Thank you.
For the witnesses who may not know, I'm a long-term emergency room doctor. I would like to compliment everybody on their great presentations. You all did an excellent job.
In support of what you have all been saying, let me also lend my support to a lot of people's emphasis on the importance of transparency at the federal level, provincial level, local level, hospital level and even the ward level, especially with respect to PPE. If we're asking health care workers to risk their lives and their families' lives, we ought to be telling them what we are doing in terms of procuring PPE.
I know that our federal government is doing absolutely everything it can in order to make sure that, as much as possible, we're getting the PPE to the people out there. I spoke to the parliamentary secretary responsible for this yesterday. They're leaving no stone unturned to try to get those things to you and to get them to you as soon as possible. I think that, at every level of governance, whether it's at the hospital level or at the federal level, we need to be forthcoming and transparent with the front-line workers as to how many masks, how many N95 masks, how many gowns and when they're going to come.
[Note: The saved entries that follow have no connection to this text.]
lemma vdiv_has_derivative: "(f has_derivative f') (at x) \<Longrightarrow> vdiv f x = (\<Sum>e\<in>Basis. f' e \<bullet> e)"
  unfolding vdiv_dderiv by (simp add: dderiv_eq)

lemma vdiv_add:
  "f differentiable (at x) \<Longrightarrow> g differentiable (at x) \<Longrightarrow> vdiv (\<lambda>y. f y + g y) x = vdiv f x + vdiv g x"
  using vdiv_has_derivative[OF has_derivative_add[OF has_derivative_dderiv has_derivative_dderiv]]
  by (simp add: vdiv_dderiv inner_add_left sum.distrib)

lemma vdiv_diff:
  "f differentiable (at x) \<Longrightarrow> g differentiable (at x) \<Longrightarrow> vdiv (\<lambda>y. f y - g y) x = vdiv f x - vdiv g x"
  using vdiv_has_derivative[OF has_derivative_diff[OF has_derivative_dderiv has_derivative_dderiv]]
  by (simp add: vdiv_dderiv inner_diff_left sum_subtractf)

lemma vdiv_scaleR: "f differentiable (at x) \<Longrightarrow> vdiv (\<lambda>y. c *\<^sub>R f y) x = c * vdiv f x"
  using vdiv_has_derivative[OF has_derivative_scaleR_right[OF has_derivative_dderiv]]
  by (simp add: vdiv_dderiv sum_distrib_left)

lemma vdiv_sum:
  assumes "finite I" "\<And>i. i \<in> I \<Longrightarrow> f i differentiable (at x)"
  shows "vdiv (\<lambda>y. \<Sum>i\<in>I. f i y) x = (\<Sum>i\<in>I. vdiv (f i) x)"
  using vdiv_has_derivative[OF has_derivative_sum[OF has_derivative_dderiv[OF assms(2)]]]
  by (simp add: vdiv_dderiv inner_sum_left sum.swap[where A = I])

lemma vdiv_cong_open:
  "open U \<Longrightarrow> x \<in> U \<Longrightarrow> (\<And>y. y \<in> U \<Longrightarrow> f y = g y) \<Longrightarrow> vdiv f x = vdiv g x"
  unfolding vdiv_def by (metis frechet_derivative_cong_open)

lemma vdiv_linear_combination:
  assumes "f differentiable (at x)" "\<And>i. i \<in> I \<Longrightarrow> h i differentiable (at x)" "finite I"
  shows "vdiv (\<lambda>y. f y + k *\<^sub>R (\<Sum>i\<in>I. c i *\<^sub>R h i y)) x = vdiv f x + k * (\<Sum>i\<in>I. c i * vdiv (h i) x)"
proof -
  have "(\<lambda>y. \<Sum>i\<in>I. c i *\<^sub>R h i y) differentiable (at x)"
    using assms(2,3) by simp
  then show ?thesis
    using assms by (simp add: vdiv_add vdiv_scaleR vdiv_sum)
qed

lemma Cinf_on_component: "open V \<Longrightarrow> Cinf_on V f \<Longrightarrow> Cinf_on V (\<lambda>x. f x \<bullet> c)"
  by (rule Cinf_on_linear[OF _ bounded_linear_inner_left])

lemma Cinf_on_vdiv: "open V \<Longrightarrow> Cinf_on V f \<Longrightarrow> Cinf_on V (vdiv f)"
  unfolding vdiv_dderiv by (intro Cinf_on_sum Cinf_on_component Cinf_on_dderiv finite_Basis)

lemma Cinf_on_slap: "open V \<Longrightarrow> Cinf_on V \<phi> \<Longrightarrow> Cinf_on V (slap \<phi>)"
  unfolding slap_dderiv by (intro Cinf_on_sum Cinf_on_dderiv finite_Basis)

lemma Cinf_on_sgrad: "open V \<Longrightarrow> Cinf_on V \<phi> \<Longrightarrow> Cinf_on V (sgrad \<phi>)"
  unfolding sgrad_dderiv
  by (intro Cinf_on_sum Cinf_on_linear[OF _ bounded_linear_scaleR_left] Cinf_on_dderiv finite_Basis)

lemma Cinf_on_vlap: "open V \<Longrightarrow> Cinf_on V f \<Longrightarrow> Cinf_on V (vlap f)"
  unfolding vlap_def[abs_def]
  by (intro Cinf_on_sum Cinf_on_linear[OF _ bounded_linear_scaleR_left] Cinf_on_slap
      Cinf_on_component finite_Basis)

lemma inner_sum_Basis_scaleR:
  fixes c :: "'a::euclidean_space \<Rightarrow> real"
  shows "e \<in> Basis \<Longrightarrow> (\<Sum>b\<in>Basis. c b *\<^sub>R b) \<bullet> e = c e"
  by (simp add: inner_sum_left inner_Basis if_distrib cong: if_cong)

lemma norm_sum_Basis_scaleR_sq:
  fixes c :: "'a::euclidean_space \<Rightarrow> real"
  shows "(norm (\<Sum>b\<in>Basis. c b *\<^sub>R b))\<^sup>2 = (\<Sum>b\<in>Basis. (c b)\<^sup>2)"
  unfolding power2_norm_eq_inner
  by (subst euclidean_inner) (simp add: inner_sum_Basis_scaleR power2_eq_square)

lemma vdiv_sgrad:
  assumes "Cinf_on V \<phi>" "open V" "x \<in> V"
  shows "vdiv (sgrad \<phi>) x = slap \<phi> x"
proof -
  have "dderiv (sgrad \<phi>) e x = (\<Sum>b\<in>Basis. dderiv (dderiv \<phi> b) e x *\<^sub>R b)" for e
    unfolding sgrad_dderiv using Cinf_on_differentiable[OF Cinf_on_dderiv[OF assms(1)] assms(2,3)]
    by (simp add: dderiv_sum dderiv_linear[OF bounded_linear_scaleR_left])
  then show ?thesis
    by (simp add: vdiv_dderiv slap_dderiv inner_sum_Basis_scaleR)
qed

lemma slap_cong_open:
  assumes "open U" "x \<in> U" "\<And>y. y \<in> U \<Longrightarrow> f y = g y"
  shows "slap f x = slap g x"
proof -
  have "dderiv (dderiv f b) b x = dderiv (dderiv g b) b x" for b
    by (rule dderiv_cong_open[OF assms(1,2)], rule dderiv_cong_open[OF assms(1) _ assms(3)])
  then show ?thesis
    unfolding slap_dderiv by simp
qed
Having said that, let me get to the actual question, and it's regarding the controversy over whether the virus is transmitted by droplets or also aerosolized. Listening to the head of the nurses speak, I know that a lot of nurses are really worried about the possibility of it being aerosolized, and I think for good reason. Some of you and the doctors may have looked at that study out of Nebraska on the 10 patients with COVID-19. They tested their rooms to look for where the virus was, and it was everywhere. It was under the bed. It was on the toilet seat. It was in the air. It was outside the rooms, even though the rooms were negative pressure rooms. In addition, I think there are infectious disease people who have also speculated or believe that it is aerosolized.
The CDC is now suggesting that people consider wearing masks, partly with the idea that asymptomatic people or mildly symptomatic people may be transmitting it and wearing the mask may help to prevent their transmitting it.
Dr. Buchman from the CMA and the ER guys are kind of saying, no, it's droplet spread. To lend a bit of support for the nursing position, I'm a little curious about the precautionary principle that she talks about. Certainly, as doctors, isn't that the way we operate? We don't dismiss the worst-case scenario. We have to first prove that it isn't the worst-case scenario. As ER doctors, we don't go in and look at a 35-year-old and say, “Yeah, your chest pain is just heartburn.” No, we're always thinking about the worst-case scenario: It's an MI, a PE, a pneumothorax or whatever.
Why are we so quick to dismiss the possibility of it being aerosolized? Isn't it better to consider it aerosolized and act according to how the nurses want us to?